- [Task requirements]:
Could you reproduce all of the records exactly?

[[ Dataset records, beginning ]]

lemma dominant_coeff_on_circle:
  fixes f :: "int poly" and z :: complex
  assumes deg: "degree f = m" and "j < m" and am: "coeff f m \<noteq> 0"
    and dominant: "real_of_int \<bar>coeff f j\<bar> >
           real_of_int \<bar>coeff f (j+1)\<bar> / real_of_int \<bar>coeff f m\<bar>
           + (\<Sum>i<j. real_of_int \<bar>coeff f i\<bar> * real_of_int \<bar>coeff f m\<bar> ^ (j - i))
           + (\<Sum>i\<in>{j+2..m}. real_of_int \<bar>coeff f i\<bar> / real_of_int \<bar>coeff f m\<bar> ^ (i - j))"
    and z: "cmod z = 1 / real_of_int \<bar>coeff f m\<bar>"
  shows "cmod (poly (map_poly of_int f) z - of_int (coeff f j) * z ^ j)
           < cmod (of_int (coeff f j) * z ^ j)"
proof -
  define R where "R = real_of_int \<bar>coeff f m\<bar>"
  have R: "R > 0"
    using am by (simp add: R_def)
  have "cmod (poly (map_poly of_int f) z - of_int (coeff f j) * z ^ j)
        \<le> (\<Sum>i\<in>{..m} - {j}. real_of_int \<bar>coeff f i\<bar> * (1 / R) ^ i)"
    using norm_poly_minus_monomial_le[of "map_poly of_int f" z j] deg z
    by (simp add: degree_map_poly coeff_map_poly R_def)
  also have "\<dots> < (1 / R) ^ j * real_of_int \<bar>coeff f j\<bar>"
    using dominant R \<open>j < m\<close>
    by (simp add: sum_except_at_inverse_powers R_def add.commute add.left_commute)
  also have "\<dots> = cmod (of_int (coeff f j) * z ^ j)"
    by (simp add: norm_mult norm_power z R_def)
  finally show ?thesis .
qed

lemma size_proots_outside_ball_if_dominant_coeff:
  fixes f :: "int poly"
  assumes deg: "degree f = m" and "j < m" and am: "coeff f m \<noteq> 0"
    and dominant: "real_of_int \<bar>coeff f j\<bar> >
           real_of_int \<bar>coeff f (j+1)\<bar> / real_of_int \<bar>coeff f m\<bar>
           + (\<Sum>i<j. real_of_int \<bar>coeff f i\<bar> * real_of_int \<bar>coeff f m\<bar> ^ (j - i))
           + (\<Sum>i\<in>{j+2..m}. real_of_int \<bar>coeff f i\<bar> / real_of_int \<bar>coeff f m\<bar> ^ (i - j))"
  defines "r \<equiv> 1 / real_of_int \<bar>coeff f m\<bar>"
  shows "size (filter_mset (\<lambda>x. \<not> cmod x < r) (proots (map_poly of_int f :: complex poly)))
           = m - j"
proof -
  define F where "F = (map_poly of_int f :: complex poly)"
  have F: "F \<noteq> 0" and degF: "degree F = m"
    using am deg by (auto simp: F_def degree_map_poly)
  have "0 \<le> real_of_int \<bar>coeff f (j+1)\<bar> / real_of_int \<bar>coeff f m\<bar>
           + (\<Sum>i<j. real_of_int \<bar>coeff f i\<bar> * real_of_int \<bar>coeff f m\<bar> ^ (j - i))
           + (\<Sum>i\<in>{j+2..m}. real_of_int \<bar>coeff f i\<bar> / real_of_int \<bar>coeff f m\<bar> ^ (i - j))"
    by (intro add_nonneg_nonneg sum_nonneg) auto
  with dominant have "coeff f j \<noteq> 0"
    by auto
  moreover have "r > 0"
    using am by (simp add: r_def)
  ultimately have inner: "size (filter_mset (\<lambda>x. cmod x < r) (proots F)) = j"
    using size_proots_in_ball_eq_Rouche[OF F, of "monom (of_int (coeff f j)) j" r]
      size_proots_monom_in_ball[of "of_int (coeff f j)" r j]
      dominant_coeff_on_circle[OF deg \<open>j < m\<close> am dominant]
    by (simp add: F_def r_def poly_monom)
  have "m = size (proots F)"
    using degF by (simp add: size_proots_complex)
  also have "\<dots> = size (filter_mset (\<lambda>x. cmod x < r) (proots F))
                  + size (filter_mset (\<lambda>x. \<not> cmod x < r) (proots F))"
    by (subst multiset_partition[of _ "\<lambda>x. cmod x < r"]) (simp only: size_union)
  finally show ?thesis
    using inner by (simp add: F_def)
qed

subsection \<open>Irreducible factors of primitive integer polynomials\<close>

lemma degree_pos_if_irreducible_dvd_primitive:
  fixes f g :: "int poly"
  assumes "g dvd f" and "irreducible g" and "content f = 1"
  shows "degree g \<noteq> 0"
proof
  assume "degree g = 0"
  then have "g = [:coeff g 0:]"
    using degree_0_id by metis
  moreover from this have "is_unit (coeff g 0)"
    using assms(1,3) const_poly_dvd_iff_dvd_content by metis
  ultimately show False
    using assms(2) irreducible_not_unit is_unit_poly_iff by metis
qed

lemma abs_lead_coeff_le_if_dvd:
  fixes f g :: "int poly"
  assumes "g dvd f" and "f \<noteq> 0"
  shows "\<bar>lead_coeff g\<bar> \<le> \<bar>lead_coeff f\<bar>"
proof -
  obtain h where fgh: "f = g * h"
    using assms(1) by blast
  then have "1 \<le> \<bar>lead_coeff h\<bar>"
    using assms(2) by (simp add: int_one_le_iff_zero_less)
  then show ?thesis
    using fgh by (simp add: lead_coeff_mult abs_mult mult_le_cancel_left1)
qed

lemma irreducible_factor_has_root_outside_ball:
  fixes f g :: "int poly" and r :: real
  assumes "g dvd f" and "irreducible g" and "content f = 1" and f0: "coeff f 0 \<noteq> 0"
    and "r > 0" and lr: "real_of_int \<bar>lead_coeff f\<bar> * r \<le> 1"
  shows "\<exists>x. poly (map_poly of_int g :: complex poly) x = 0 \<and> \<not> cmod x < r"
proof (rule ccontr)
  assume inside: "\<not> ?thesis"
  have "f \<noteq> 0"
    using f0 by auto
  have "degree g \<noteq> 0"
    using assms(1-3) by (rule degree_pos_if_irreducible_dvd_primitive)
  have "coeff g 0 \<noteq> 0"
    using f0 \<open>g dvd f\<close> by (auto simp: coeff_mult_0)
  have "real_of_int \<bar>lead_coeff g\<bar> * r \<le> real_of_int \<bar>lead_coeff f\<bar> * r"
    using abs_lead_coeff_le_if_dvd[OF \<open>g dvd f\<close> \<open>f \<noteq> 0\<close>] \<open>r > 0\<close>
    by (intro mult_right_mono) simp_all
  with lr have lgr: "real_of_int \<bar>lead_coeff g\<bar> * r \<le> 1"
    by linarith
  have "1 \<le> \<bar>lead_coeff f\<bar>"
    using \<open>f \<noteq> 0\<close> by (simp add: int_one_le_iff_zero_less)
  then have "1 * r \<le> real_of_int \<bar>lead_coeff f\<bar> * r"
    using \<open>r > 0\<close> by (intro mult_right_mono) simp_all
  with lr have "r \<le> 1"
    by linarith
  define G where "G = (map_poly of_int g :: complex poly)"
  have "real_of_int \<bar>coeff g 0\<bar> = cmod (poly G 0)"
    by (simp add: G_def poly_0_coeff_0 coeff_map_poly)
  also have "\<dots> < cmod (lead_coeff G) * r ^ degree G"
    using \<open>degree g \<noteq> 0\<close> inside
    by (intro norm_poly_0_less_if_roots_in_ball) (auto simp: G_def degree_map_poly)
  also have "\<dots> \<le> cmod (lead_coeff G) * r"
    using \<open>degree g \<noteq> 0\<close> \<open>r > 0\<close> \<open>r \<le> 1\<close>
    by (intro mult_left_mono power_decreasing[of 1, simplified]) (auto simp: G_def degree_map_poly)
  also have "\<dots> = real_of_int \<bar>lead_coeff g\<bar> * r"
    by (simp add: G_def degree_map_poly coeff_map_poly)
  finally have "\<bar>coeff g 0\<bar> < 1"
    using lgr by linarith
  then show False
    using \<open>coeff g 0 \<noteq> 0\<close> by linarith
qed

[[ Dataset records, end ]]

- [Written response]:
lemma dominant_coeff_on_circle:
  fixes f :: "int poly" and z :: complex
  assumes deg: "degree f = m" and "j < m" and am: "coeff f m \<noteq> 0"
    and dominant: "real_of_int \<bar>coeff f j\<bar> >
           real_of_int \<bar>coeff f (j+1)\<bar> / real_of_int \<bar>coeff f m\<bar>
           + (\<Sum>i<j. real_of_int \<bar>coeff f i\<bar> * real_of_int \<bar>coeff f m\<bar> ^ (j - i))
           + (\<Sum>i\<in>{j+2..m}. real_of_int \<bar>coeff f i\<bar> / real_of_int \<bar>coeff f m\<bar> ^ (i - j))"
    and z: "cmod z = 1 / real_of_int \<bar>coeff f m\<bar>"
  shows "cmod (poly (map_poly of_int f) z - of_int (coeff f j) * z ^ j)
           < cmod (of_int (coeff f j) * z ^ j)"
proof -
  define R where "R = real_of_int \<bar>coeff f m\<bar>"
  have R: "R > 0"
    using am by (simp add: R_def)
  have "cmod (poly (map_poly of_int f) z - of_int (coeff f j) * z ^ j)
        \<le> (\<Sum>i\<in>{..m} - {j}. real_of_int \<bar>coeff f i\<bar> * (1 / R) ^ i)"
    using norm_poly_minus_monomial_le[of "map_poly of_int f" z j] deg z
    by (simp add: degree_map_poly coeff_map_poly R_def)
  also have "\<dots> < (1 / R) ^ j * real_of_int \<bar>coeff f j\<bar>"
    using dominant R \<open>j < m\<close>
    by (simp add: sum_except_at_inverse_powers R_def add.commute add.left_commute)
  also have "\<dots> = cmod (of_int (coeff f j) * z ^ j)"
    by (simp add: norm_mult norm_power z R_def)
  finally show ?thesis .
qed

lemma size_proots_outside_ball_if_dominant_coeff:
  fixes f :: "int poly"
  assumes deg: "degree f = m" and "j < m" and am: "coeff f m \<noteq> 0"
    and dominant: "real_of_int \<bar>coeff f j\<bar> >
           real_of_int \<bar>coeff f (j+1)\<bar> / real_of_int \<bar>coeff f m\<bar>
           + (\<Sum>i<j. real_of_int \<bar>coeff f i\<bar> * real_of_int \<bar>coeff f m\<bar> ^ (j - i))
           + (\<Sum>i\<in>{j+2..m}. real_of_int \<bar>coeff f i\<bar> / real_of_int \<bar>coeff f m\<bar> ^ (i - j))"
  defines "r \<equiv> 1 / real_of_int \<bar>coeff f m\<bar>"
  shows "size (filter_mset (\<lambda>x. \<not> cmod x < r) (proots (map_poly of_int f :: complex poly)))
           = m - j"
proof -
  define F where "F = (map_poly of_int f :: complex poly)"
  have F: "F \<noteq> 0" and degF: "degree F = m"
    using am deg by (auto simp: F_def degree_map_poly)
  have "0 \<le> real_of_int \<bar>coeff f (j+1)\<bar> / real_of_int \<bar>coeff f m\<bar>
           + (\<Sum>i<j. real_of_int \<bar>coeff f i\<bar> * real_of_int \<bar>coeff f m\<bar> ^ (j - i))
           + (\<Sum>i\<in>{j+2..m}. real_of_int \<bar>coeff f i\<bar> / real_of_int \<bar>coeff f m\<bar> ^ (i - j))"
    by (intro add_nonneg_nonneg sum_nonneg) auto
  with dominant have "coeff f j \<noteq> 0"
    by auto
  moreover have "r > 0"
    using am by (simp add: r_def)
  ultimately have inner: "size (filter_mset (\<lambda>x. cmod x < r) (proots F)) = j"
    using size_proots_in_ball_eq_Rouche[OF F, of "monom (of_int (coeff f j)) j" r]
      size_proots_monom_in_ball[of "of_int (coeff f j)" r j]
      dominant_coeff_on_circle[OF deg \<open>j < m\<close> am dominant]
    by (simp add: F_def r_def poly_monom)
  have "m = size (proots F)"
    using degF by (simp add: size_proots_complex)
  also have "\<dots> = size (filter_mset (\<lambda>x. cmod x < r) (proots F))
                  + size (filter_mset (\<lambda>x. \<not> cmod x < r) (proots F))"
    by (subst multiset_partition[of _ "\<lambda>x. cmod x < r"]) (simp only: size_union)
  finally show ?thesis
    using inner by (simp add: F_def)
qed

subsection \<open>Irreducible factors of primitive integer polynomials\<close>

lemma degree_pos_if_irreducible_dvd_primitive:
  fixes f g :: "int poly"
  assumes "g dvd f" and "irreducible g" and "content f = 1"
  shows "degree g \<noteq> 0"
proof
  assume "degree g = 0"
  then have "g = [:coeff g 0:]"
    using degree_0_id by metis
  moreover from this have "is_unit (coeff g 0)"
    using assms(1,3) const_poly_dvd_iff_dvd_content by metis
  ultimately show False
    using assms(2) irreducible_not_unit is_unit_poly_iff by metis
qed

lemma abs_lead_coeff_le_if_dvd:
  fixes f g :: "int poly"
  assumes "g dvd f" and "f \<noteq> 0"
  shows "\<bar>lead_coeff g\<bar> \<le> \<bar>lead_coeff f\<bar>"
proof -
  obtain h where fgh: "f = g * h"
    using assms(1) by blast
  then have "1 \<le> \<bar>lead_coeff h\<bar>"
    using assms(2) by (simp add: int_one_le_iff_zero_less)
  then show ?thesis
    using fgh by (simp add: lead_coeff_mult abs_mult mult_le_cancel_left1)
qed

lemma irreducible_factor_has_root_outside_ball:
  fixes f g :: "int poly" and r :: real
  assumes "g dvd f" and "irreducible g" and "content f = 1" and f0: "coeff f 0 \<noteq> 0"
    and "r > 0" and lr: "real_of_int \<bar>lead_coeff f\<bar> * r \<le> 1"
  shows "\<exists>x. poly (map_poly of_int g :: complex poly) x = 0 \<and> \<not> cmod x < r"
proof (rule ccontr)
  assume inside: "\<not> ?thesis"
  have "f \<noteq> 0"
    using f0 by auto
  have "degree g \<noteq> 0"
    using assms(1-3) by (rule degree_pos_if_irreducible_dvd_primitive)
  have "coeff g 0 \<noteq> 0"
    using f0 \<open>g dvd f\<close> by (auto simp: coeff_mult_0)
  have "real_of_int \<bar>lead_coeff g\<bar> * r \<le> real_of_int \<bar>lead_coeff f\<bar> * r"
    using abs_lead_coeff_le_if_dvd[OF \<open>g dvd f\<close> \<open>f \<noteq> 0\<close>] \<open>r > 0\<close>
    by (intro mult_right_mono) simp_all
  with lr have lgr: "real_of_int \<bar>lead_coeff g\<bar> * r \<le> 1"
    by linarith
  have "1 \<le> \<bar>lead_coeff f\<bar>"
    using \<open>f \<noteq> 0\<close> by (simp add: int_one_le_iff_zero_less)
  then have "1 * r \<le> real_of_int \<bar>lead_coeff f\<bar> * r"
    using \<open>r > 0\<close> by (intro mult_right_mono) simp_all
  with lr have "r \<le> 1"
    by linarith
  define G where "G = (map_poly of_int g :: complex poly)"
  have "real_of_int \<bar>coeff g 0\<bar> = cmod (poly G 0)"
    by (simp add: G_def poly_0_coeff_0 coeff_map_poly)
  also have "\<dots> < cmod (lead_coeff G) * r ^ degree G"
    using \<open>degree g \<noteq> 0\<close> inside
    by (intro norm_poly_0_less_if_roots_in_ball) (auto simp: G_def degree_map_poly)
  also have "\<dots> \<le> cmod (lead_coeff G) * r"
    using \<open>degree g \<noteq> 0\<close> \<open>r > 0\<close> \<open>r \<le> 1\<close>
    by (intro mult_left_mono power_decreasing[of 1, simplified]) (auto simp: G_def degree_map_poly)
  also have "\<dots> = real_of_int \<bar>lead_coeff g\<bar> * r"
    by (simp add: G_def degree_map_poly coeff_map_poly)
  finally have "\<bar>coeff g 0\<bar> < 1"
    using lgr by linarith
  then show False
    using \<open>coeff g 0 \<noteq> 0\<close> by linarith
qed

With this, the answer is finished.